Yes, there were questions. The board — both NCDEX and NCDEX Spot boards — did raise questions. One had to explain the key differences and it took time for the boards to appreciate the issues involved. But once the executive management explained the infringements the boards appreciated the stand taken. Brokers did raise these issues — so much so the NCDEX and its subsidiary were branded as conservative and advised to be more ‘innovative’. Despite all such criticism and branding, we were firm that we would not stray into questionable areas and that being compliant would stand us in good stead.

For spot exchanges, do you think there was/is a regulatory gap? What reasons would you attribute for the crisis at the NSEL?

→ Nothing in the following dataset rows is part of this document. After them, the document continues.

lemma root_sign_scale: "\<gamma> \<in> \<Lambda> \<Longrightarrow> e = 1 \<or> e = -1 \<Longrightarrow> (\<lambda>h. e * \<gamma> h) \<in> \<Lambda>"
  using symmetric unfolding symmetric_roots_def neg_form_def by auto

lemma root_neg_form_shift: "\<gamma> \<in> \<Lambda> \<Longrightarrow> neg_form (shift \<gamma> n) \<in> \<Lambda>"
  using symmetric root_shift unfolding symmetric_roots_def by blast

definition root_chain :: "nat \<Rightarrow> (nat \<Rightarrow> 'v \<Rightarrow> 'k) \<Rightarrow> bool" where
  "root_chain k a \<longleftrightarrow> 1 \<le> k \<and> (\<forall>j\<in>{1..k}. a j \<in> \<Lambda>) \<and> (\<forall>i<k. conn_seq a i \<in> \<Lambda>)"

definition chain_connected :: "('v \<Rightarrow> 'k) \<Rightarrow> ('v \<Rightarrow> 'k) \<Rightarrow> bool" where
  "chain_connected \<alpha> \<beta> \<longleftrightarrow> (\<exists>k a n m e. root_chain k a \<and> a 1 = shift \<alpha> n
     \<and> (e = 1 \<or> e = -1) \<and> conn_seq a (k - 1) = (\<lambda>h. e * shift \<beta> m h))"

lemma chain_connectedI:
  "root_chain k a \<Longrightarrow> a 1 = shift \<alpha> n \<Longrightarrow> e = 1 \<or> e = -1 \<Longrightarrow> conn_seq a (k - 1) = (\<lambda>h. e * shift \<beta> m h)
    \<Longrightarrow> chain_connected \<alpha> \<beta>"
  unfolding chain_connected_def by blast

lemma chain_connectedE:
  assumes "chain_connected \<alpha> \<beta>"
  obtains k a n m e where "root_chain k a" "a 1 = shift \<alpha> n" "e = 1 \<or> e = -1"
    "conn_seq a (k - 1) = (\<lambda>h. e * shift \<beta> m h)"
  using assms unfolding chain_connected_def by blast

lemma connected_iff_chain_connected:
  assumes \<beta>: "\<beta> \<in> \<Lambda>"
  shows "connected sm Lg br \<phi> H \<alpha> \<beta> \<longleftrightarrow> chain_connected \<alpha> \<beta>"
proof
  assume "connected sm Lg br \<phi> H \<alpha> \<beta>"
  then obtain k a n m where k: "1 \<le> k" and a: "\<forall>j\<in>{1..k}. a j \<in> \<Lambda>"
    and n: "a 1 = rt_comp \<phi> H0 \<alpha> (- int n)" and mid: "\<forall>i\<in>{1..k-2}. conn_sum \<phi> H0 a i \<in> \<Lambda>"
    and last: "(if k = 1 then a 1 else conn_sum \<phi> H0 a (k - 1))
      \<in> {rt_comp \<phi> H0 \<beta> (- int m), neg_form (rt_comp \<phi> H0 \<beta> (- int m))}"
    unfolding connected_def Let_def by blast
  have seq: "conn_sum \<phi> H0 a i = conn_seq a i" for i
    using a k by (intro conn_sum_eq_conn_seq root_dual_form) auto
  have "conn_seq a (k - 1) \<in> {shift \<beta> m, neg_form (shift \<beta> m)}"
    using last k by (cases "k = 1") (auto simp: seq shift_def)
  then obtain e where e: "e = 1 \<or> e = -1" "conn_seq a (k - 1) = (\<lambda>h. e * shift \<beta> m h)"
    unfolding neg_form_def by (metis (no_types, lifting) empty_iff insert_iff mult_1 mult_minus1)
  have "conn_seq a i \<in> \<Lambda>" if "i < k" for i
    using that a k mid e root_sign_scale[OF root_shift[OF \<beta>]]
    by (cases "i = 0"; cases "i = k - 1") (auto simp: seq)
  with k a n e show "chain_connected \<alpha> \<beta>"
    by (intro chain_connectedI[of k a \<alpha> n e \<beta> m]) (auto simp: root_chain_def shift_def)
next
  assume "chain_connected \<alpha> \<beta>"
  then obtain k a n m e where chain: "root_chain k a" and n: "a 1 = shift \<alpha> n"
    and e: "e = 1 \<or> e = -1" "conn_seq a (k - 1) = (\<lambda>h. e * shift \<beta> m h)"
    by (rule chain_connectedE)
  have seq: "conn_sum \<phi> H0 a i = conn_seq a i" for i
    using chain by (intro conn_sum_eq_conn_seq root_dual_form) (auto simp: root_chain_def)
  have "(if k = 1 then a 1 else conn_sum \<phi> H0 a (k - 1))
      \<in> {rt_comp \<phi> H0 \<beta> (- int m), neg_form (rt_comp \<phi> H0 \<beta> (- int m))}"
    using e by (auto simp: seq shift_def neg_form_def)
  moreover have "\<forall>i\<in>{1..k-2}. conn_sum \<phi> H0 a i \<in> \<Lambda>"
    using chain by (auto simp: seq root_chain_def)
  ultimately show "connected sm Lg br \<phi> H \<alpha> \<beta>"
    using chain n unfolding connected_def Let_def root_chain_def shift_def by blast
qed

A regulatory gap has emerged as commodity exchanges came in. If I can speak of agri markets, while the primary market — the farmer selling to the trader — is regulated by a State law, subsequent trades which are bilateral in nature are not regulated. An organisation like an exchange offering a platform for secondary trades was inconceivable till national commodity exchanges came in; and such secondary trades offered by exchanges, whether within the State or across States have to be regulated. For such regulation to emerge, we require the Centre and the States to work together and bring an effective regulation, not stifle economic activity. A challenge even in the best of times!

Well, crises in markets have one common theme — eagerness to make quick profits. NSEL was no exception!

How to strengthen spot exchanges and to make sure growers benefit?

Our primary agricultural markets should cater to the needs of our predominantly small and marginal farmer; and so the model adopted in other countries would never suit us.

Having said that I strongly feel spot exchanges should seek to create a national market for agricultural produce and bring the advantages of a transparent pan-India market to the farmer. But such a gargantuan task cannot be achieved by spot exchanges alone; governments will have to be a part of the process. While exchanges can provide the knowhow and technology for creating a pan-India market, governments at the Centre and in the States should formulate a national mission in this direction. Am I asking for too much? Well, a strong marketing system is one of the steps that we have to take to make agriculture remunerative and that is important for self-sufficiency in food production.

Any other thought you may like to share with our readers?

I look forward to the day agricultural markets are one continuum — mandis , intermediary traders, distributors and others, with the derivative markets well integrated to the physical market. And for this to happen, agri marketing should move to the centre stage in policy circles. I hope policymakers are listening!